U.S. Stocks Are off to Their Best Start to a Year Since 2019 — and the Rally Is Not Just About the "Magnificent Seven"

Dow Jones03-01

Dow, S&P and Nasdaq scored best one-month performances since late last year

The 2024 stock-market rally so far is not just about seven stocks anymore.The 2024 stock-market rally so far is not just about seven stocks anymore.

U.S. stocks on Thursday — Leap Day — capped a strong opening two months of 2024. 

While the so-called Magnificent Seven tech stocks continued to lead much of the stock-market rally that propelled the S&P 500, the Dow Jones Industrial Average and the Nasdaq Composite to record highs this month, some of the beaten-down corners of the market also found the spotlight. Investors want to know if the positive momentum is finally spilling out beyond the megacap technology names. 

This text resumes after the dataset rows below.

text \<open>The last conjunct is the charging argument, in counting form.\<close>

definition adversary_invariant :: "nat \<Rightarrow> adversary_state \<Rightarrow> bool" where
  "adversary_invariant i = (\<lambda>(h, X).
     length h = i \<and> (\<forall>N\<in>set h. N \<subseteq> R) \<and> is_matching h X \<and>
     card (R - snd ` X) \<le> max (card R - i) (k * 2 ^ k) \<and>
     (\<forall>a<k. card (matched (As a) R h) \<le> card (snd ` X - matched (As a) R h)))"

lemma adversary_invariant_step:
  assumes "finite R" and inv: "adversary_invariant i (h, X)"
  shows "adversary_invariant (Suc i) (adversary_step (h, X))"
proof -
  from inv have len: "length h = i" and sub: "\<forall>N\<in>set h. N \<subseteq> R" and mat: "is_matching h X"
    and avail: "card (R - snd ` X) \<le> max (card R - i) (k * 2 ^ k)"
    and charge: "\<And>a. a < k \<Longrightarrow> card (matched (As a) R h) \<le> card (snd ` X - matched (As a) R h)"
    by (auto simp: adversary_invariant_def)
  have "\<forall>N\<in>set h. finite N"
    using sub \<open>finite R\<close> by (meson finite_subset)
  then have finX: "finite (snd ` X)"
    using finite_matching[OF mat] by simp
  show ?thesis
  proof (cases rule: adversary_step_cases[OF \<open>finite R\<close>, where h = h and X = X, case_names offer stall])
    case (offer N x)
    let ?X' = "insert (length h, x) X"
    have x: "x \<in> R - snd ` X" using offer(2,3) by blast
    then have mat': "is_matching (h @ [N]) ?X'"
      using is_matching_snoc_insert[OF mat offer(3)] by blast
    have "R - snd ` ?X' = (R - snd ` X) - {x}" by auto
    then have avail': "card (R - snd ` ?X') \<le> max (card R - Suc i) (k * 2 ^ k)"
      using avail x \<open>finite R\<close> by (auto simp: card_Diff_singleton max_def split: if_splits)
    have charge': "card (matched (As a) R (h @ [N])) \<le> card (snd ` ?X' - matched (As a) R (h @ [N]))"
      if "a < k" for a
    proof (cases rule: matched_snoc_cases[of "As a" R h N])
      case 1
      have "card (matched (As a) R h) \<le> card (snd ` X - matched (As a) R h)"
        using charge that .
      also have "\<dots> \<le> card (snd ` ?X' - matched (As a) R h)"
        using finX by (intro card_mono) auto
      finally show ?thesis using 1 by simp
    next
      case (2 r)
      have "r \<notin> snd ` X" using offer(2) 2(1) by blast
      moreover have "x \<notin> matched (As a) R (h @ [N])"
        using offer(4)[OF that] 2(2,3) by auto
      ultimately have "snd ` ?X' - matched (As a) R (h @ [N]) = insert x (snd ` X - matched (As a) R h)"
        using 2(3) by auto
      then show ?thesis
        using 2(2,3) charge[OF that] finX x by (simp add: finite_matched)
    qed
    show ?thesis
      unfolding offer(1) adversary_invariant_def prod.case
      using len sub offer(2) mat' avail' charge' by auto
  next
    case stall
    then show ?thesis
      unfolding stall(1) adversary_invariant_def prod.case
      using len sub is_matching_append[OF mat] avail charge by auto
  qed
qed

lemma adversary_invariant: "finite R \<Longrightarrow> adversary_invariant i (adversary i)"
proof (induction i)
  case 0
  then show ?case
    by (simp add: adversary_def adversary_invariant_def is_matching_def)
next
  case (Suc i)
  obtain h X where "adversary i = (h, X)" by fastforce
  then show ?case
    using Suc adversary_invariant_step by (simp add: adversary_def)
qed

end

lemma ratio_n_le:
  assumes "k * 2 ^ k < n"
  shows "ratio_n As k n \<le> ereal ((real n / 2) / (real n - real (k * 2 ^ k)))"
proof -
  define R where "R = {..<n}"
  obtain h X where "adversary As R k n = (h, X)" by fastforce
  then have len: "length h = n" and sub: "\<forall>N\<in>set h. N \<subseteq> R" and mat: "is_matching h X"
    and avail: "card (R - snd ` X) \<le> k * 2 ^ k"
    and charge: "\<And>a. a < k \<Longrightarrow> card (matched (As a) R h) \<le> card (snd ` X - matched (As a) R h)"
    using adversary_invariant[of R As k n] by (auto simp: adversary_invariant_def R_def)
  have fin: "\<forall>N\<in>set h. finite N"
    using sub by (auto simp: R_def intro: finite_subset)
  have XR: "snd ` X \<subseteq> R"
    using snd_matching_subset_Union[OF mat] sub by blast
  have "card (R - snd ` X) = n - card X"
    using XR card_snd_matching[OF mat] by (simp add: card_Diff_subset_Int R_def Int_absorb1
        finite_subset[OF XR])
  then have cardX: "real n - real (k * 2 ^ k) \<le> real (card X)"
    using avail by linarith
  have opt: "card X \<le> opt_value h"
    by (rule card_matching_le_opt_value[OF mat fin])
  have gap: "0 < real n - real (k * 2 ^ k)"
    using assms by (simp only: diff_gt_0_iff_gt of_nat_less_iff)
  then have "0 < real (card X)"
    using cardX by (rule less_le_trans)
  then have "0 < opt_value h"
    using opt by simp
  then have inst: "(R, h) \<in> instances n"
    using len sub by (auto simp: instances_def R_def)
  have "2 * alg_value (As a) R h \<le> n" if "a < k" for a
  proof -
    let ?M = "matched (As a) R h"
    have "?M \<subseteq> R" using matched_subset_Union sub by blast
    have "card ?M \<le> card (snd ` X - ?M)"
      using charge that by blast
    also have "\<dots> \<le> card (R - ?M)"
      using XR by (intro card_mono) (auto simp: R_def)
    also have "\<dots> = n - card ?M"
      using \<open>?M \<subseteq> R\<close> by (simp add: card_Diff_subset finite_matched R_def)
    finally show ?thesis by (simp add: alg_value_eq_card_matched)
  qed
  then have "real (max_of_value As k R h) \<le> real n / 2"
    using max_of_value_le[of k As R h "n div 2"] by fastforce
  then have "real (max_of_value As k R h) / real (opt_value h)
               \<le> (real n / 2) / (real n - real (k * 2 ^ k))"
    using cardX opt gap by (intro frac_le) auto
  moreover have "ratio_n As k n \<le> ereal (real (max_of_value As k R h) / real (opt_value h))"
    unfolding ratio_n_def by (rule INF_lower2[OF inst]) simp
  ultimately show ?thesis
    by (meson ereal_less_eq(3) order_trans)
qed

lemma nat_floor_times_pow2_le_powr: "real (nat \<lfloor>t\<rfloor> * 2 ^ nat \<lfloor>t\<rfloor>) \<le> 4 powr t"
proof (cases "t < 0")
  case False
  define k where "k = nat \<lfloor>t\<rfloor>"
  have "k * 2 ^ k \<le> 2 ^ k * 2 ^ k"
    using less_exp[of k] by simp
  also have "\<dots> = 4 ^ k"
    by (simp flip: power_mult_distrib)
  finally have "real (k * 2 ^ k) \<le> real (4 ^ k)"
    by (simp only: of_nat_le_iff)
  also have "\<dots> = 4 powr real k"
    by (simp add: powr_realpow)
  also have "\<dots> \<le> 4 powr t"
    using False by (intro powr_mono) (auto simp: k_def)
  finally show ?thesis by (simp add: k_def)
qed simp

theorem corollary1:
  fixes A :: "nat \<Rightarrow> nat \<Rightarrow> online_alg"
  shows "liminf (\<lambda>n. ratio_n (A n) (nat \<lfloor>t_fun n\<rfloor>) n) \<le> ereal (1/2)"
proof -
  define g where "g n = (real n / 2) / (real n - 4 powr t_fun n)" for n :: nat
  have "eventually (\<lambda>n. 4 powr t_fun n < real n) sequentially"
    unfolding t_fun_def by real_asymp
  then have "eventually (\<lambda>n. ratio_n (A n) (nat \<lfloor>t_fun n\<rfloor>) n \<le> ereal (g n)) sequentially"
  proof eventually_elim
    case (elim n)
    define k where "k = nat \<lfloor>t_fun n\<rfloor>"
    have kb: "real (k * 2 ^ k) \<le> 4 powr t_fun n"
      unfolding k_def by (rule nat_floor_times_pow2_le_powr)
    then have "ratio_n (A n) k n \<le> ereal ((real n / 2) / (real n - real (k * 2 ^ k)))"
      using elim by (intro ratio_n_le) linarith
    also have "\<dots> \<le> ereal (g n)"
      unfolding g_def using kb elim by (auto intro!: divide_left_mono)
    finally show ?case by (simp add: k_def)
  qed
  then have "liminf (\<lambda>n. ratio_n (A n) (nat \<lfloor>t_fun n\<rfloor>) n) \<le> liminf (\<lambda>n. ereal (g n))"
    by (rule Liminf_mono)
  also have "\<dots> = ereal (1/2)"
  proof (rule lim_imp_Liminf)
    have "g \<longlonglongrightarrow> 1/2"
      unfolding g_def t_fun_def by real_asymp
    then show "(\<lambda>n. ereal (g n)) \<longlonglongrightarrow> ereal (1/2)"
      by (simp add: lim_ereal)
  qed simp
  finally show ?thesis .
qed

end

The U.S. stock market enjoyed a surprisingly robust start to the new year, with the S&P 500 and the Dow industrials advancing 6.8% and 3.5% in the first two months of 2024, respectively, to notch their best start to a year since 2019. The Nasdaq Composite surged 7.2% over the same period, according to Dow Jones Market Data.

For the month, all three major benchmark indexes booked their best month since the end of 2023, while the S&P 500 and the Nasdaq scored their best February since 2015, per Dow Jones Market Data. 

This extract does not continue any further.